# Retrieval Augmented Generation (RAG) with Amazon Bedrock

Retrieval Augmented Generation (RAG) combines the power of large language models with information retrieval. Instead of relying solely on a model's internal knowledge, RAG fetches relevant information from external sources and uses it to generate more accurate, up-to-date responses.

RAG doesn't have to include a vectorDB, it can pull from various sources. However, for unstructured text, vectorDBs and semantic search is the most common approach. 

In this lab, we'll implement RAG using a local in-memory vector database called ChromaDB and use Llama index for taking unstructured text and ingesting it into our vectorDB. 

#### About ChromaDB

ChromaDB is a lightweight, in-memory vector database that makes it easy to store and query embeddings. We'll use it to: (1) Store document embeddings, (2) Perform semantic searches, (3) Retrieve relevant context for our LLM. We will discuss VectorDBs further down the lab.

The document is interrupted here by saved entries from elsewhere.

(* Let $\boldsymbol{A}$ be the adjacency matrix of an undirected graph without self-loops on a finite vertex set $\boldsymbol{V}=\{1,\dots,N\}$. Let $\mathcal{R}_e\subset\boldsymbol{V}$ be a nonempty set of egos, $n_e=|\mathcal{R}_e|$, and $\mathcal{R}_a\subset\boldsymbol{V}\setminus\mathcal{R}_e$ a set of alters, each alter $j$ having a unique recruiting ego $e(j)\in\mathcal{R}_e$ with $A_{j\,e(j)}=1$. Let $\boldsymbol{Z}\in\{0,1\}^N$ have independent components with $\Pr(Z_i=1)=p_z\,\mathbb{I}\{i\in\mathcal{R}_e\}$ for a known $p_z\in(0,1)$, and let $F_i=\mathbb{I}\{\sum_{j\neq i}Z_jA_{ij}>0\}$. Each unit $i\in\mathcal{R}_e\cup\mathcal{R}_a$ has fixed real potential outcomes $Y_i(z,f)$, $z,f\in\{0,1\}$, and observed outcome $Y_i=\sum_{z,f\in\{0,1\}}Y_i(z,f)\mathbb{I}\{Z_i=z,F_i=f\}$. Assume there is a constant $\kappa$ such that $Y_i(1,1)-Y_i(0,1)=\kappa[Y_i(1,0)-Y_i(0,0)]$ for all $i\in\mathcal{R}_e$. For $i\in\mathcal{R}_e$ let $\pi_i^e=\Pr(F_i=1)$ (over $\boldsymbol{Z}$), and assume $1+\pi_i^e(\kappa-1)\neq0$ for all $i\in\mathcal{R}_e$. Define $$DE=\frac1{n_e}\sum_{i\in\mathcal{R}_e}[Y_i(1,0)-Y_i(0,0)],\qquad \widehat{DE}_{adj}=\frac1{n_e}\sum_{i\in\mathcal{R}_e}\frac{1}{1+\pi_i^e(\kappa-1)}\Big[\frac{\mathbb{I}\{Z_i=1\}Y_i}{p_z}-\frac{\mathbb{I}\{Z_i=0\}Y_i}{1-p_z}\Big].$$ Then $\mathbb{E}_{\boldsymbol{Z}}[\widehat{DE}_{adj}]=DE$.
   Context: Design-based setting: the network, the sample, the recruitment map and the potential outcomes are fixed; the only randomness is the treatment assignment $\boldsymbol{Z}$, and expectations are over $\boldsymbol{Z}$. The observed network links each alter only to its recruiting ego, while the true network $\boldsymbol{A}$ may contain ego–ego edges. *)

theory Defs
  imports "HOL-Probability.Probability"
begin

text \<open>Treatment assignment Z : nat \<Rightarrow> bool (value False outside V).\<close>

definition Zdist :: "nat \<Rightarrow> nat set \<Rightarrow> real \<Rightarrow> (nat \<Rightarrow> bool) pmf" where
  "Zdist N Eg pz = Pi_pmf {1..N} False (\<lambda>i. bernoulli_pmf (if i \<in> Eg then pz else 0))"

definition exposure :: "nat \<Rightarrow> (nat \<Rightarrow> nat \<Rightarrow> real) \<Rightarrow> (nat \<Rightarrow> bool) \<Rightarrow> nat \<Rightarrow> bool" where
  "exposure N A Z i = ((\<Sum>j\<in>{1..N} - {i}. of_bool (Z j) * A i j) > 0)"

definition obs_outcome :: "nat \<Rightarrow> (nat \<Rightarrow> nat \<Rightarrow> real) \<Rightarrow> (nat \<Rightarrow> bool \<Rightarrow> bool \<Rightarrow> real)
    \<Rightarrow> (nat \<Rightarrow> bool) \<Rightarrow> nat \<Rightarrow> real" where
  "obs_outcome N A Y Z i =
     (\<Sum>z\<in>{False, True}. \<Sum>f\<in>{False, True}.
        Y i z f * of_bool (Z i = z \<and> exposure N A Z i = f))"

definition pi_e :: "nat \<Rightarrow> (nat \<Rightarrow> nat \<Rightarrow> real) \<Rightarrow> nat set \<Rightarrow> real \<Rightarrow> nat \<Rightarrow> real" where
  "pi_e N A Eg pz i = measure_pmf.prob (Zdist N Eg pz) {Z. exposure N A Z i}"

definition DE :: "nat set \<Rightarrow> (nat \<Rightarrow> bool \<Rightarrow> bool \<Rightarrow> real) \<Rightarrow> real" where
  "DE Eg Y = (1 / real (card Eg)) * (\<Sum>i\<in>Eg. Y i True False - Y i False False)"

definition DE_adj_hat :: "nat \<Rightarrow> (nat \<Rightarrow> nat \<Rightarrow> real) \<Rightarrow> nat set \<Rightarrow> real \<Rightarrow> real
    \<Rightarrow> (nat \<Rightarrow> bool \<Rightarrow> bool \<Rightarrow> real) \<Rightarrow> (nat \<Rightarrow> bool) \<Rightarrow> real" where
  "DE_adj_hat N A Eg pz \<kappa> Y Z = (1 / real (card Eg)) *
     (\<Sum>i\<in>Eg. (1 / (1 + pi_e N A Eg pz i * (\<kappa> - 1))) *
        (of_bool (Z i) * obs_outcome N A Y Z i / pz
         - of_bool (\<not> Z i) * obs_outcome N A Y Z i / (1 - pz)))"

end

theory Submission
  imports Defs
begin

(* Write tau_i = Y_i(1,0) - Y_i(0,0) and pi_i = Pr(F_i = 1). The exposure F_i depends only on the
   coordinates of Z other than Z_i, so Z_i is independent of F_i and the inverse-probability-weighted
   contrast of ego i has expectation E[Y_i(1,F_i)] - E[Y_i(0,F_i)] = tau_i + pi_i (kappa - 1) tau_i.
   The weight 1 / (1 + pi_i (kappa - 1)) cancels this factor, and averaging over the egos gives DE. *)

lemma finite_set_pmf_Pi_pmf:
  fixes p :: "'a \<Rightarrow> 'b::finite pmf"
  assumes "finite B"
  shows "finite (set_pmf (Pi_pmf B d p))"
  using assms by (subst set_Pi_pmf) (auto intro!: finite_PiE_dflt)

lemma expectation_Pi_pmf_coordinate_indep:
  fixes p :: "'a \<Rightarrow> 'b::finite pmf" and G :: "'b \<Rightarrow> 'c \<Rightarrow> real"
  assumes B: "finite B" "i \<in> B" and h: "\<And>Z y. h (Z(i := y)) = h Z"
  shows "measure_pmf.expectation (Pi_pmf B d p) (\<lambda>Z. G (Z i) (h Z)) =
    (\<Sum>y\<in>UNIV. pmf (p i) y * measure_pmf.expectation (Pi_pmf B d p) (\<lambda>Z. G y (h Z)))"
proof -
  define P' where "P' = Pi_pmf (B - {i}) d p"
  have "Pi_pmf B d p = Pi_pmf (insert i (B - {i})) d p"
    using B by (simp add: insert_absorb)
  also have "\<dots> = map_pmf (\<lambda>(y, Z). Z(i := y)) (pair_pmf (p i) P')"
    using B unfolding P'_def by (intro Pi_pmf_insert) auto
  finally have decomp: "Pi_pmf B d p = map_pmf (\<lambda>(y, Z). Z(i := y)) (pair_pmf (p i) P')" .
  have split: "measure_pmf.expectation (Pi_pmf B d p) (\<lambda>Z. g (Z i) (h Z)) =
      (\<Sum>y\<in>UNIV. pmf (p i) y * measure_pmf.expectation P' (\<lambda>Z. g y (h Z)))"
    for g :: "'b \<Rightarrow> 'c \<Rightarrow> real"
  proof -
    have "measure_pmf.expectation (Pi_pmf B d p) (\<lambda>Z. g (Z i) (h Z)) =
        measure_pmf.expectation (pair_pmf (p i) P') (\<lambda>(y, Z). g y (h Z))"
      unfolding decomp by (simp add: case_prod_unfold h)
    also have "\<dots> = (\<Sum>y\<in>UNIV. pmf (p i) y *\<^sub>R
        measure_pmf.expectation (P' \<bind> (\<lambda>Z. return_pmf (y, Z))) (\<lambda>(y, Z). g y (h Z)))"
      unfolding pair_pmf_def using B
      by (intro pmf_expectation_bind)
        (auto simp: P'_def map_pmf_def[symmetric] intro!: finite_imageI finite_set_pmf_Pi_pmf)
    finally show ?thesis by (simp add: map_pmf_def[symmetric])
  qed
  have "measure_pmf.expectation (Pi_pmf B d p) (\<lambda>Z. G y (h Z)) =
      measure_pmf.expectation P' (\<lambda>Z. G y (h Z))" for y
    using split[of "\<lambda>_. G y"] by (simp add: sum_distrib_right[symmetric] sum_pmf_eq_1)
  then show ?thesis by (simp add: split)
qed

lemma expectation_bool_valued:
  fixes G :: "bool \<Rightarrow> real"
  shows "measure_pmf.expectation P (\<lambda>x. G (h x)) =
    G False + (G True - G False) * measure_pmf.prob P {x. h x}"
proof -
  have two_valued: "(\<lambda>x. G (h x)) = (\<lambda>x. G False + (G True - G False) * indicator {x. h x} x)"
    by (auto simp: fun_eq_iff indicator_def)
  show ?thesis unfolding two_valued
    by (subst Bochner_Integration.integral_add) (auto simp: measure_pmf.emeasure_eq_measure)
qed

lemma exposure_fun_upd_self: "exposure N A (Z(i := b)) i = exposure N A Z i"
  unfolding exposure_def by (intro arg_cong2[where f = "(<)"] refl sum.cong) auto

lemma obs_outcome_eq: "obs_outcome N A Y Z i = Y i (Z i) (exposure N A Z i)"
  unfolding obs_outcome_def by (cases "Z i"; cases "exposure N A Z i") auto

lemma finite_set_pmf_Zdist: "finite (set_pmf (Zdist N Eg pz))"
  unfolding Zdist_def by (simp add: finite_set_pmf_Pi_pmf)

lemma expectation_Zdist_treatment_indep_exposure:
  fixes G :: "bool \<Rightarrow> bool \<Rightarrow> real"
  assumes "i \<in> Eg" "Eg \<subseteq> {1..N}" "0 \<le> pz" "pz \<le> 1"
  shows "measure_pmf.expectation (Zdist N Eg pz) (\<lambda>Z. G (Z i) (exposure N A Z i)) =
    pz * measure_pmf.expectation (Zdist N Eg pz) (\<lambda>Z. G True (exposure N A Z i))
    + (1 - pz) * measure_pmf.expectation (Zdist N Eg pz) (\<lambda>Z. G False (exposure N A Z i))"
  using assms unfolding Zdist_def
  by (subst expectation_Pi_pmf_coordinate_indep) (auto simp: exposure_fun_upd_self UNIV_bool)

lemma expectation_ipw_contrast:
  assumes i: "i \<in> Eg" and Eg: "Eg \<subseteq> {1..N}" and pz: "0 < pz" "pz < 1"
    and kappa: "Y i True True - Y i False True = \<kappa> * (Y i True False - Y i False False)"
  shows "measure_pmf.expectation (Zdist N Eg pz)
      (\<lambda>Z. of_bool (Z i) * obs_outcome N A Y Z i / pz
         - of_bool (\<not> Z i) * obs_outcome N A Y Z i / (1 - pz)) =
    (1 + pi_e N A Eg pz i * (\<kappa> - 1)) * (Y i True False - Y i False False)"
proof -
  let ?E = "measure_pmf.expectation (Zdist N Eg pz)"
  let ?\<pi> = "pi_e N A Eg pz i"
  have "?E (\<lambda>Z. of_bool (Z i) * obs_outcome N A Y Z i / pz
         - of_bool (\<not> Z i) * obs_outcome N A Y Z i / (1 - pz)) =
      ?E (\<lambda>Z. (\<lambda>z f. of_bool z * Y i z f / pz - of_bool (\<not> z) * Y i z f / (1 - pz))
        (Z i) (exposure N A Z i))"
    by (simp add: obs_outcome_eq)
  also have "\<dots> = pz * ?E (\<lambda>Z. Y i True (exposure N A Z i) / pz)
      + (1 - pz) * ?E (\<lambda>Z. - (Y i False (exposure N A Z i) / (1 - pz)))"
    using i Eg pz by (subst expectation_Zdist_treatment_indep_exposure) simp_all
  also have "\<dots> = ?E (\<lambda>Z. Y i True (exposure N A Z i)) - ?E (\<lambda>Z. Y i False (exposure N A Z i))"
    using pz by simp
  also have "\<dots> = (Y i True False + (Y i True True - Y i True False) * ?\<pi>)
      - (Y i False False + (Y i False True - Y i False False) * ?\<pi>)"
    unfolding pi_e_def
    by (simp only: expectation_bool_valued[where G = "Y i True"]
        expectation_bool_valued[where G = "Y i False"])
  also have "\<dots> = (Y i True False - Y i False False)
      + ?\<pi> * ((Y i True True - Y i False True) - (Y i True False - Y i False False))"
    by (simp add: algebra_simps)
  also have "\<dots> = (1 + ?\<pi> * (\<kappa> - 1)) * (Y i True False - Y i False False)"
    unfolding kappa by (simp add: algebra_simps)
  finally show ?thesis .
qed

theorem proposition3:
  fixes N :: nat
    and A :: "nat \<Rightarrow> nat \<Rightarrow> real"
    and Eg Al :: "nat set"
    and e :: "nat \<Rightarrow> nat"
    and pz \<kappa> :: real
    and Y :: "nat \<Rightarrow> bool \<Rightarrow> bool \<Rightarrow> real"
  assumes A_01: "\<forall>i\<in>{1..N}. \<forall>j\<in>{1..N}. A i j = 0 \<or> A i j = 1"
    and A_sym: "\<forall>i\<in>{1..N}. \<forall>j\<in>{1..N}. A i j = A j i"
    and A_noloop: "\<forall>i\<in>{1..N}. A i i = 0"
    and Eg_sub: "Eg \<subseteq> {1..N}" and Eg_ne: "Eg \<noteq> {}"
    and Al_sub: "Al \<subseteq> {1..N} - Eg"
    and recruit: "\<forall>j\<in>Al. e j \<in> Eg \<and> A j (e j) = 1"
    and pz: "0 < pz" "pz < 1"
    and kappa: "\<forall>i\<in>Eg. Y i True True - Y i False True = \<kappa> * (Y i True False - Y i False False)"
    and nonzero: "\<forall>i\<in>Eg. 1 + pi_e N A Eg pz i * (\<kappa> - 1) \<noteq> 0"
  shows "measure_pmf.expectation (Zdist N Eg pz) (DE_adj_hat N A Eg pz \<kappa> Y) = DE Eg Y"
proof -
  define ipw where "ipw i Z = 1 / (1 + pi_e N A Eg pz i * (\<kappa> - 1)) *
    (of_bool (Z i) * obs_outcome N A Y Z i / pz - of_bool (\<not> Z i) * obs_outcome N A Y Z i / (1 - pz))"
    for i Z
  have ipw_unbiased: "measure_pmf.expectation (Zdist N Eg pz) (ipw i) = Y i True False - Y i False False"
    if "i \<in> Eg" for i
    unfolding ipw_def[abs_def] integral_mult_right_zero
    using expectation_ipw_contrast[where A = A and Y = Y, OF that Eg_sub pz kappa[rule_format, OF that]]
      nonzero that
    by simp
  have "DE_adj_hat N A Eg pz \<kappa> Y = (\<lambda>Z. 1 / real (card Eg) * (\<Sum>i\<in>Eg. ipw i Z))"
    by (simp add: fun_eq_iff DE_adj_hat_def ipw_def)
  then have "measure_pmf.expectation (Zdist N Eg pz) (DE_adj_hat N A Eg pz \<kappa> Y) =
      1 / real (card Eg) * (\<Sum>i\<in>Eg. measure_pmf.expectation (Zdist N Eg pz) (ipw i))"
    by (simp add: Bochner_Integration.integral_sum integrable_measure_pmf_finite finite_set_pmf_Zdist)
  also have "\<dots> = DE Eg Y"
    by (simp add: DE_def ipw_unbiased)
  finally show ?thesis .
qed

end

**Will Local DBs Scale?** Running ChromaDB locally is perfect for learning and testing: For production applications, consider using: Amazon Bedrock Knowledge Bases, Pinecone, other managed vector database services. These solutions offer persistence, scalability, and performance features necessary for real-world applications.

#### About Llama Index
For chunking, we'll use LlamaIndex. There are many tools/frameworks for ingesting documents and implementing chunking strategies. We chose LlamaIndex because it offers a lot of advanced chunking options. It creates "nodes" that can be converted into different formats for ingestion.

When using these GenAI frameworks, you want to abstract the details of the framework away from your core code. This makes mixing and matching much easier. In the example below, we'll use LlamaIndex but we'll wrap the chunking logic in a class and normalize the output to a class that we create named RAGChunk. This way, we aren't too reliant on the framework.


## Setup

Let's stand up our local Chroma DB and initialize Bedrock

In [None]:
import chromadb
import boto3
from chromadb.config import Settings

# Initialize Chroma client from our persisted store
chroma_client = chromadb.PersistentClient(path="../../data/chroma")

session = boto3.Session()
bedrock = session.client(service_name='bedrock-runtime')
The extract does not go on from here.